Records for this exercise:
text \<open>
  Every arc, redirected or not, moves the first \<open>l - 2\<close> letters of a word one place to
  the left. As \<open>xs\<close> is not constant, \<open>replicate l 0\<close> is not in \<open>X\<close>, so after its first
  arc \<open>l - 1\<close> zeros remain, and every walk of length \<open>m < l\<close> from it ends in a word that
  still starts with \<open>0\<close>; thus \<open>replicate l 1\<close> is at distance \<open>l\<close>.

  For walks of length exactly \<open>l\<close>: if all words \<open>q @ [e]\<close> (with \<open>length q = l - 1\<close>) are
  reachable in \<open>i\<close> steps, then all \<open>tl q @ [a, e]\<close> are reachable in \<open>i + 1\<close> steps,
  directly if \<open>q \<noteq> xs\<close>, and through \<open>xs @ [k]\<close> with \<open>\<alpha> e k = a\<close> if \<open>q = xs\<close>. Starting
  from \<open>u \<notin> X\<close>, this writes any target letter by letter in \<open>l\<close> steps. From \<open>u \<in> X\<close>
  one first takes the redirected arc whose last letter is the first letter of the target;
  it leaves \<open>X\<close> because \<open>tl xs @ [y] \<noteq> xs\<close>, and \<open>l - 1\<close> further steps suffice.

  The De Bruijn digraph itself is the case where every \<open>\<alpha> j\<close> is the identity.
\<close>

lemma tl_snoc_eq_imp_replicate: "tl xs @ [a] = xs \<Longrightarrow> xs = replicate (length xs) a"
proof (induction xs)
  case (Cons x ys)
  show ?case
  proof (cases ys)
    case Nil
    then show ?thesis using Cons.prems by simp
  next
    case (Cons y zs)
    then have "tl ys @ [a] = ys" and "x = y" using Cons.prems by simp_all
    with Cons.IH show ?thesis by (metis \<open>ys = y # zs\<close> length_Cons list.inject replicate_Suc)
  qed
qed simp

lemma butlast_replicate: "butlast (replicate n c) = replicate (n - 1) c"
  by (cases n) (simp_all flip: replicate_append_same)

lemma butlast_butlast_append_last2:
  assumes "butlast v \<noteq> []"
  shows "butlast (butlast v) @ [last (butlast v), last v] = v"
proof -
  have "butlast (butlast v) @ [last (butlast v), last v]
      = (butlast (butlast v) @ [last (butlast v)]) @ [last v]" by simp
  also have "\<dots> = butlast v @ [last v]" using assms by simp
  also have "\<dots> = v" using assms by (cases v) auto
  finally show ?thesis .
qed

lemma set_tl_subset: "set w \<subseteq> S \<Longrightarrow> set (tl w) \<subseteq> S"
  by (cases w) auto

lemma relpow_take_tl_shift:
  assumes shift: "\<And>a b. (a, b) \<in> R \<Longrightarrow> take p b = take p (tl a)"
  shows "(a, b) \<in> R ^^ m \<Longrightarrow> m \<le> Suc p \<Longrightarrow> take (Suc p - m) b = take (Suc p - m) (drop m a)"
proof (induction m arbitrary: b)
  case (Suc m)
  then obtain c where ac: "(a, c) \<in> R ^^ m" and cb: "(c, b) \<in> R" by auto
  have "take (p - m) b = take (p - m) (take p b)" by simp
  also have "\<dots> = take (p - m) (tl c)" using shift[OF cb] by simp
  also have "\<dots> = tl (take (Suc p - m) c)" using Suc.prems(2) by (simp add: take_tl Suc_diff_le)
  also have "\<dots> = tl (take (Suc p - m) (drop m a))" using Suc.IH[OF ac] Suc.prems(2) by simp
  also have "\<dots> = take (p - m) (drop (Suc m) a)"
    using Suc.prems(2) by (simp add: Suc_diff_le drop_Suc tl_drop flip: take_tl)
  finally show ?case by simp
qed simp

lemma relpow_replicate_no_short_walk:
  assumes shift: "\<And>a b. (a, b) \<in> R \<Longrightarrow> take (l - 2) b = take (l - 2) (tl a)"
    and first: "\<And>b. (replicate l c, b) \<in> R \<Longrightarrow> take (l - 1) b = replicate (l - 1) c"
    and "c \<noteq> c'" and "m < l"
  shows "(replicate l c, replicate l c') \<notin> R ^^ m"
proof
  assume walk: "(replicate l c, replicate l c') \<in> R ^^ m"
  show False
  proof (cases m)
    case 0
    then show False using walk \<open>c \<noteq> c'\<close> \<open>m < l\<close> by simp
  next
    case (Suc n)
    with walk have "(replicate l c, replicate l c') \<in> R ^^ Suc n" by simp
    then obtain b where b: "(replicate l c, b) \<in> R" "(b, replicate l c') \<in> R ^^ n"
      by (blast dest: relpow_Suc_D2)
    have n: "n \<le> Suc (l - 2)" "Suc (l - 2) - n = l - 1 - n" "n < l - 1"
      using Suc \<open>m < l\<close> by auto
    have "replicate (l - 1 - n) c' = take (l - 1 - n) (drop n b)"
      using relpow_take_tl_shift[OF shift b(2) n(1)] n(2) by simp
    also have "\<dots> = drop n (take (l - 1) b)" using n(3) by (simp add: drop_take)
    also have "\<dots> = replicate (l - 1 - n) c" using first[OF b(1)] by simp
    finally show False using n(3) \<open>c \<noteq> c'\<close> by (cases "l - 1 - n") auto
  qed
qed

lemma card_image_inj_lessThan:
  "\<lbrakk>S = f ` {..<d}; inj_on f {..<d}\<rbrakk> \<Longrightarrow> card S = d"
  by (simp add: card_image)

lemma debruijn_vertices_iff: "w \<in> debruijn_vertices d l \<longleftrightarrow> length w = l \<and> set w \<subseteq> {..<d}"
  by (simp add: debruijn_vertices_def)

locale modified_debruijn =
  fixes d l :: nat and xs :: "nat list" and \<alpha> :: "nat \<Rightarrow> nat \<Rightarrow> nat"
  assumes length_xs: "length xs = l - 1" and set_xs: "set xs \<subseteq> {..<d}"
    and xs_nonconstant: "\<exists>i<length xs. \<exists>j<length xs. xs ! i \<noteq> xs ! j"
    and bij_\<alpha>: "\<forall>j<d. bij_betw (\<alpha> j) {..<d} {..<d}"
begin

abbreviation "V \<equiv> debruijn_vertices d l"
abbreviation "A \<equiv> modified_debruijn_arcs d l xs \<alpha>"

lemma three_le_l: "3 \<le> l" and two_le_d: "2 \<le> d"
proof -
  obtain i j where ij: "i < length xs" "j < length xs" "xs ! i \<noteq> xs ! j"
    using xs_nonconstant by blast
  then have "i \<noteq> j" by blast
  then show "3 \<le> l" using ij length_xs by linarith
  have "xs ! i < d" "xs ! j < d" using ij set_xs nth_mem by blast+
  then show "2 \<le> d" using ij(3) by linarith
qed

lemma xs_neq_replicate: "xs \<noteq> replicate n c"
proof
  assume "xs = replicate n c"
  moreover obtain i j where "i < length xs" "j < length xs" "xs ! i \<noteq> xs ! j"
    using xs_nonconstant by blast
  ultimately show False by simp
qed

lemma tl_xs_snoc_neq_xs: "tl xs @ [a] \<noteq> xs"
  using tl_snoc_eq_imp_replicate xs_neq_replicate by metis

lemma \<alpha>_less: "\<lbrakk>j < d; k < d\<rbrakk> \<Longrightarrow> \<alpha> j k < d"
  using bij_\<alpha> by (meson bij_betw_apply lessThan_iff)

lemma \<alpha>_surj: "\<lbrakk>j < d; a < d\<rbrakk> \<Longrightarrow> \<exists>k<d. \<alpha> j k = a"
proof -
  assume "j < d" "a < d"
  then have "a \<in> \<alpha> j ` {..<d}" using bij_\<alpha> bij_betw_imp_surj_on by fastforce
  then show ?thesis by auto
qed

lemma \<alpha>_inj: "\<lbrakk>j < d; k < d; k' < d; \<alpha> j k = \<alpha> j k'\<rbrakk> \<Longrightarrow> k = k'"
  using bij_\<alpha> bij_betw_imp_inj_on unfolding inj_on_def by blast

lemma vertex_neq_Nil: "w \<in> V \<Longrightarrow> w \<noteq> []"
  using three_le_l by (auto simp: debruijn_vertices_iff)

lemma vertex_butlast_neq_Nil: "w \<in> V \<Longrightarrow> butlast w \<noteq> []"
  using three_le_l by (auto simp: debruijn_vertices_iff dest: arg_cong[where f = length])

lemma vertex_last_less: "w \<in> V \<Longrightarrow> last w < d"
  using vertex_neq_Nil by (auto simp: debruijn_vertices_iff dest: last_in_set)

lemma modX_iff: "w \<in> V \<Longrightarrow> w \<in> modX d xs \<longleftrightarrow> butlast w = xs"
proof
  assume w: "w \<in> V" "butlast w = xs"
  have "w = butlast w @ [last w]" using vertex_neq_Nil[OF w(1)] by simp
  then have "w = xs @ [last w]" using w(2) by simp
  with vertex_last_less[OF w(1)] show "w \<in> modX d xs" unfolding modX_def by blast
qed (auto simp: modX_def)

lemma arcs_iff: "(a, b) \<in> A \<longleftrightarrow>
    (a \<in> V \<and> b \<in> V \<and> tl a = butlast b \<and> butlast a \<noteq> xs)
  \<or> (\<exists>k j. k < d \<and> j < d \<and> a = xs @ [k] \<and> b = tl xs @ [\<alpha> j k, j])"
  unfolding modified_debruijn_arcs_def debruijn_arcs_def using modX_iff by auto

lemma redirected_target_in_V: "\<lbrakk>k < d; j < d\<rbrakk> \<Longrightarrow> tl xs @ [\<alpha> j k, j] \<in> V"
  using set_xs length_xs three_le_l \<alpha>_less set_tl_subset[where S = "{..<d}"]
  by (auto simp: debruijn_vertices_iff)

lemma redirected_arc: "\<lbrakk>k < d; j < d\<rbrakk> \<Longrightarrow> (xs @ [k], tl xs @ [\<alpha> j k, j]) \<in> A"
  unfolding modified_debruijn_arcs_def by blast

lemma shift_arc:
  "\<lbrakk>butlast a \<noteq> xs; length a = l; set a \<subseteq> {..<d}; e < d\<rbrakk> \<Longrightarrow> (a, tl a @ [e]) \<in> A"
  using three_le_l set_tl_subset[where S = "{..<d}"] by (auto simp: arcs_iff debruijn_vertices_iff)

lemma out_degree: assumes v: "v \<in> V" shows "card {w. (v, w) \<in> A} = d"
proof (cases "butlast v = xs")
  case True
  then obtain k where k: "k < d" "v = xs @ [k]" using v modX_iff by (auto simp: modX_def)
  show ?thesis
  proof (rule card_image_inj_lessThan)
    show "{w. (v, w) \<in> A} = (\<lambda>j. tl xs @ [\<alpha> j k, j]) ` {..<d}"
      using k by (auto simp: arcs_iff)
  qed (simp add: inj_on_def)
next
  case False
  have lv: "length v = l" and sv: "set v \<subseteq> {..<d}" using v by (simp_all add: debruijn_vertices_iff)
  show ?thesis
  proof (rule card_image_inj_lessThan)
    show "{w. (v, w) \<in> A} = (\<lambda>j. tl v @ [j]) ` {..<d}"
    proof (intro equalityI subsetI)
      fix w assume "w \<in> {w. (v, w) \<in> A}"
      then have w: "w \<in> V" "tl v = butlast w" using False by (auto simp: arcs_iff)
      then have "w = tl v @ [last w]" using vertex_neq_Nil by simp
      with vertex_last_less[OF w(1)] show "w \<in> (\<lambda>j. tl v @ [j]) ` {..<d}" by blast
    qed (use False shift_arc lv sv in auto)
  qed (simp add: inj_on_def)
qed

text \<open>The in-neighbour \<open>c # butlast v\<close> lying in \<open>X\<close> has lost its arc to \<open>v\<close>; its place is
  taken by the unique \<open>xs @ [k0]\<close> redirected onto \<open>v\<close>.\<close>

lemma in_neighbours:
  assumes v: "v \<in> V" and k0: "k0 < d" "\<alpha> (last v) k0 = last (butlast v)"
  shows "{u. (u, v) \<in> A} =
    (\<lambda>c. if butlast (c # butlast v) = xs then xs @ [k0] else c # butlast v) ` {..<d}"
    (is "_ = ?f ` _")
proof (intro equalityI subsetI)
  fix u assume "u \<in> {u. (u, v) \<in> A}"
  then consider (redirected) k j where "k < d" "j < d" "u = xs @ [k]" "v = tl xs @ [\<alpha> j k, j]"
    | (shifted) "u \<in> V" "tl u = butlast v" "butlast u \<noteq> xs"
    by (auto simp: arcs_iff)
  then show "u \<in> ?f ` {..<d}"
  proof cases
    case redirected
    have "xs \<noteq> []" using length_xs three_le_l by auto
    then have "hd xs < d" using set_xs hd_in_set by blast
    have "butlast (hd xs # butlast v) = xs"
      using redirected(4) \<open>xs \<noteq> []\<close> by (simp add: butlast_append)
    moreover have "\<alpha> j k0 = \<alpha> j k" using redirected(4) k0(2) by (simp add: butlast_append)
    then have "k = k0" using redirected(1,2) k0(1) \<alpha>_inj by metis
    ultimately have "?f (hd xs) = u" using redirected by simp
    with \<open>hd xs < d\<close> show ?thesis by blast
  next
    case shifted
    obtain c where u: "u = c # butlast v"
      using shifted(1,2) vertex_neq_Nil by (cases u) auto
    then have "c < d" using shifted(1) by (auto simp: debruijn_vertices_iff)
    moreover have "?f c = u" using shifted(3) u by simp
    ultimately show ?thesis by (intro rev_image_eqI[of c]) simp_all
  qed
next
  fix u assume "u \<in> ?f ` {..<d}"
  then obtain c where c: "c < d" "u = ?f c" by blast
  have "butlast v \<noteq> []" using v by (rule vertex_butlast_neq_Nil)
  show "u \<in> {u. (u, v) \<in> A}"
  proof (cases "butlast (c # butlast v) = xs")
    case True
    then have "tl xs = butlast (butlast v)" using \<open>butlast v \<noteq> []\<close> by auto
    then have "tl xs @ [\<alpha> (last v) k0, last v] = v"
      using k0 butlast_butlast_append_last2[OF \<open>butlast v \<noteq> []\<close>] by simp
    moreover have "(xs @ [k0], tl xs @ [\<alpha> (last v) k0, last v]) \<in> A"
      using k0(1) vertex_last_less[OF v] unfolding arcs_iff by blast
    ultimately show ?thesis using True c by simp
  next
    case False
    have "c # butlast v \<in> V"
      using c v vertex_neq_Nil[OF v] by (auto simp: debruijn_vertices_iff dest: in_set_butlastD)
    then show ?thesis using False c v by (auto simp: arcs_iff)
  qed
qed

The problem: In your answer, include only the lines above starting at the line that holds "using relpow_take_tl_shift[OF shift" and ending at the line that holds "by (simp add: card_image)", copied exactly.

Written reply:
      using relpow_take_tl_shift[OF shift b(2) n(1)] n(2) by simp
    also have "\<dots> = drop n (take (l - 1) b)" using n(3) by (simp add: drop_take)
    also have "\<dots> = replicate (l - 1 - n) c" using first[OF b(1)] by simp
    finally show False using n(3) \<open>c \<noteq> c'\<close> by (cases "l - 1 - n") auto
  qed
qed

lemma card_image_inj_lessThan:
  "\<lbrakk>S = f ` {..<d}; inj_on f {..<d}\<rbrakk> \<Longrightarrow> card S = d"
  by (simp add: card_image)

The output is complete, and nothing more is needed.